**Work item**
Beginning with the line that holds "using AE_block_fails_imp_llr_sum_le_or_remainder_ge[OF L" in the data below, give again every line through the one that holds "by (intro emeasure_mono_AE)", exactly as written.

Saved data entries:
== Segment start ==
lemma emeasure_block_fails_le:
  assumes L: "2 \<le> L" and \<delta>: "0 < \<delta>" and ab: "b + \<delta> * real L \<le> a" and B: "0 \<le> B"
    and k: "k = j*L+1" and n: "n = j*L+L"
    and rate: "(\<integral>\<^sup>+\<omega>. e2ennreal
               (let S = ereal (1 / real (n - k + 1)) *
                        (\<Sum>i=k..n. llr (p1 (\<omega> i)) (loo_est est \<omega> n k i (\<omega> i)))
                in S * S) \<partial>iid_law \<mu> p1) \<le> ennreal B"
  shows "emeasure (iid_law \<mu> p1) {y \<in> space (iid_law \<mu> p1). block_fails est p0 L b y j}
    \<le> emeasure (law \<mu> p0 p1 1) {\<omega> \<in> space (law \<mu> p0 p1 1).
          (\<Sum>i=k..k+(L-1). llr (p1 (\<omega> i)) (p0 (\<omega> i))) \<le> ereal a}
      + ennreal (B / \<delta>\<^sup>2)"
proof -
  let ?P = "iid_law \<mu> p1"
  interpret P: prob_space ?P by (rule prob_space_iid_law)
  define SZ where "SZ \<omega> = (\<Sum>i=k..n. llr (p1 (\<omega> i)) (p0 (\<omega> i)))" for \<omega>
  define S where "S \<omega> = ereal (1 / real L) * (\<Sum>i=k..n. llr (p1 (\<omega> i)) (loo_est est \<omega> n k i (\<omega> i)))" for \<omega>
  have nk: "n - k + 1 = L" "k + (L - 1) = n" "k \<le> n"
    using L k n by auto
  note measurable_loo_llr_sum[measurable]
  have [measurable]: "S \<in> borel_measurable ?P" "SZ \<in> borel_measurable ?P"
    unfolding S_def[abs_def] SZ_def[abs_def] by measurable
  have fails: "Measurable.pred ?P (\<lambda>y. block_fails est p0 L b y j)"
    unfolding iid_law_eq_PiM_obs_law by (rule pred_block_fails) auto
  have "emeasure ?P {y \<in> space ?P. block_fails est p0 L b y j}
      = emeasure ?P {\<omega> \<in> space ?P. block_fails est p0 L b (\<lambda>t. \<omega> (t + 1)) j}"
    using emeasure_law_shift[of 0 1, OF _ fails] by (simp add: iid_law_eq_law_0[symmetric])
  also have "\<dots> \<le> emeasure ?P ({\<omega> \<in> space ?P. SZ \<omega> \<le> ereal a} \<union> {\<omega> \<in> space ?P. ereal (\<delta>\<^sup>2) \<le> S \<omega> * S \<omega>})"
    using AE_block_fails_imp_llr_sum_le_or_remainder_ge[OF L \<delta> ab k n] AE_space
    by (intro emeasure_mono_AE) (auto simp: SZ_def S_def)
  also have "\<dots> \<le> emeasure ?P {\<omega> \<in> space ?P. SZ \<omega> \<le> ereal a} + emeasure ?P {\<omega> \<in> space ?P. ereal (\<delta>\<^sup>2) \<le> S \<omega> * S \<omega>}"
    by (rule emeasure_subadditive) measurable
  also have "emeasure ?P {\<omega> \<in> space ?P. SZ \<omega> \<le> ereal a}
      = emeasure (law \<mu> p0 p1 1) {\<omega> \<in> space (law \<mu> p0 p1 1). (\<Sum>i=k..k+(L-1). llr (p1 (\<omega> i)) (p0 (\<omega> i))) \<le> ereal a}"
    using emeasure_llr_sum_le_eq[of 0 k 1 n a] k nk by (simp add: SZ_def iid_law_eq_law_0[symmetric])
  also have "emeasure ?P {\<omega> \<in> space ?P. ereal (\<delta>\<^sup>2) \<le> S \<omega> * S \<omega>} \<le> ennreal (B / \<delta>\<^sup>2)"
  proof (rule P.emeasure_square_ge_le)
    show "(\<integral>\<^sup>+\<omega>. e2ennreal (S \<omega> * S \<omega>) \<partial>?P) \<le> ennreal B"
      using rate[unfolded nk(1) Let_def] by (simp only: S_def)
  qed (use \<delta> B in simp_all)
  finally show ?thesis
    by (simp add: add_left_mono)
qed

lemma WADD_nglr_tau_le_of_block_fails:
  assumes L: "2 \<le> L" "L \<le> m" and q: "0 \<le> q" "q < 1"
    and fails_le: "\<And>j. emeasure (iid_law \<mu> p1) {y \<in> space (iid_law \<mu> p1). block_fails est p0 L b y j} \<le> ennreal q"
  shows "WADD \<mu> p0 p1 (nglr_tau est p0 m b) \<le> ennreal (real L / (1 - q))"
proof -
  have "WADD \<mu> p0 p1 (nglr_tau est p0 m b) \<le> of_nat L * (\<integral>\<^sup>+y. blocks_until_success est p0 L b y \<partial>iid_law \<mu> p1)"
    by (rule WADD_nglr_tau_le[OF L])
  also have "\<dots> \<le> ennreal (real L) * ennreal (1 / (1 - q))"
    using L q fails_le by (auto intro!: mult_left_mono nn_integral_blocks_until_success_le simp: ennreal_of_nat_eq_real_of_nat)
  also have "\<dots> = ennreal (real L / (1 - q))"
    using q by (simp add: ennreal_mult[symmetric])
  finally show ?thesis .
qed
== Segment end ==
**Response for this exercise**
    using AE_block_fails_imp_llr_sum_le_or_remainder_ge[OF L \<delta> ab k n] AE_space
    by (intro emeasure_mono_AE) (auto simp: SZ_def S_def)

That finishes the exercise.